Une précision pour terminer, et pour dissiper tout malentendu. Elle concerne les propos que je viens de tenir, et peut se formuler, à peu de choses près, de la même manière que celle de Beckett à l’égard des siens, dans le bref texte qu’il consacra naguère aux frères Van Velde et à leurs tableaux, à savoir qu’« il n’a été question à aucun moment de ce que font ces peintres, ou croient faire, ou veulent faire, mais uniquement de ce que je les vois faire »[10].

 

Fred Gusda, 2015

 

 

 

 

 

[1] Frédéric Prat, entretien avec Clément Minighetti, in Les cahiers du Mudam #02, 2008, p. 40.

 

[2] Vers 1535, Musée des Beaux-Arts de Dijon.

 

[3] Charles Le Brun, « Sentiments sur le discours du mérite de la couleur par M. Blanchard », 9 janvier 1672, in Les Conférences de l'Académie royale de peinture et de sculpture au XVIIe siècle, dir. Alain Mérot, Ensba, coll. Beaux-arts histoire, 1996, Paris, p. 221.

 

[4] Roger de Piles, Cours de peinture par principes, éd. Jacques Estienne, 1708, pp. 318-319.

 

[5] Ces propos sont extraits d’un texte inédit écrit récemment, intitulé Pourquoi (pas) / Une exposition de tableaux, dans lequel Frédéric Prat livre, de manière extrêmement dense, une description de son travail. Je ferai désormais référence à ce texte en le citant en italique.

 

 

[6] « Le possible est exactement comme le réel, il ne lui manque que l’existence » Pierre Lévy, Qu’est-ce que le virtuel ?, La Découverte, coll. Sciences et société, 1995. p. 14.

 

[7] Jean-Luc Marion, Le Virtuel et le possible, discours prononcé lors de la séance publique annuelle des cinq Académies, octobre 2011, p. 7. « Le possible n’est pas ce qui attend son passage à l’effectivité, pourvu qu’on fasse encore un effort pour en devenir le producteur ou le révolutionnaire, comme s’il ne dépendait que de nous de le produire, mais ce qui ouvre un nouvel espace à la liberté et la sauve de l’illusion mortelle de la toute-puissance », ibid., p. 8.

 

[8] Félix Gaffiot, Dictionnaire illustré Latin Français, Hachette, Paris, 1934, p. 610.

 

[9] « On aurait tort de ne voir ici qu’une dispute de mots : il s’agit de l’existence elle-même.
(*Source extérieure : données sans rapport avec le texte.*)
lemma sum_unbounded_of_ge_inverse_x_ln_x:
  assumes c0: "0 < c0" and \<alpha>: "\<And>t. c0 / ((real t + 3) * ln (real t + 3)) \<le> \<alpha> t"
  shows "\<exists>k. c \<le> (\<Sum>t\<in>{s..<k}. \<alpha> t)"
proof -
  define g where "g t = ln (ln (real t + 3))" for t
  have telescope: "c0 * (g k - g s) \<le> (\<Sum>t\<in>{s..<k}. \<alpha> t)" if "s \<le> k" for k
  proof -
    have "c0 * (g k - g s) = (\<Sum>t\<in>{s..<k}. c0 * (g (Suc t) - g t))"
      by (simp only: sum_Suc_diff'[OF that] flip: sum_distrib_left)
    also have "\<dots> \<le> (\<Sum>t\<in>{s..<k}. \<alpha> t)"
    proof (rule sum_mono)
      fix t
      have "g (Suc t) - g t \<le> 1 / ((real t + 3) * ln (real t + 3))"
        using ln_ln_increment_le[of "real t + 3"] by (simp add: g_def add.commute add.left_commute)
      then show "c0 * (g (Suc t) - g t) \<le> \<alpha> t"
        using mult_left_mono[of _ _ c0] c0 \<alpha>[of t] by fastforce
    qed
    finally show ?thesis .
  qed
  define y where "y = g s + \<bar>c\<bar> / c0"
  define k where "k = max s (nat \<lceil>exp (exp y)\<rceil>)"
  have "exp (exp y) \<le> real k + 3" unfolding k_def by linarith
  then have "exp y \<le> ln (real k + 3)" using ln_ge_iff[of "real k + 3" "exp y"] by simp
  then have "y \<le> g k" using ln_ge_iff[of "ln (real k + 3)" y] by (simp add: g_def)
  then have "\<bar>c\<bar> \<le> c0 * (g k - g s)" using c0 by (simp add: y_def field_simps)
  then show ?thesis using telescope[of k] by (intro exI[of _ k]) (auto simp: k_def)
qed

lemma anchor_Suc_covers:
  assumes "\<And>c. \<exists>k. c \<le> (\<Sum>t\<in>{anchor \<alpha> T m..<k}. \<alpha> t)"
  shows "T m \<le> (\<Sum>t\<in>{anchor \<alpha> T m..<anchor \<alpha> T (Suc m)}. \<alpha> t)"
  using LeastI_ex[OF assms] by simp

lemma anchor_Suc_minimal:
  "k < anchor \<alpha> T (Suc m) \<Longrightarrow> (\<Sum>t\<in>{anchor \<alpha> T m..<k}. \<alpha> t) < T m"
  using not_less_Least by fastforce

lemma anchor_less_Suc:
  assumes "\<And>c. \<exists>k. c \<le> (\<Sum>t\<in>{anchor \<alpha> T m..<k}. \<alpha> t)" and "0 < T m"
  shows "anchor \<alpha> T m < anchor \<alpha> T (Suc m)"
  using anchor_Suc_covers[of \<alpha> T m] assms by (cases "anchor \<alpha> T m < anchor \<alpha> T (Suc m)") auto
Chaque fois que nous posons le problème en termes de possible et de réel, nous sommes forcés de concevoir l’existence comme un surgissement brut, acte pur, saut qui s’opère toujours derrière notre dos, soumis à la loi du tout ou rien », Gilles Deleuze, Différence et répétition, Puf, coll. Épiméthée, 1968, p. 273.

 

[10] Samuel Beckett, Le Monde et le Pantalon, éd. de  Minuit, 1989, p. 42.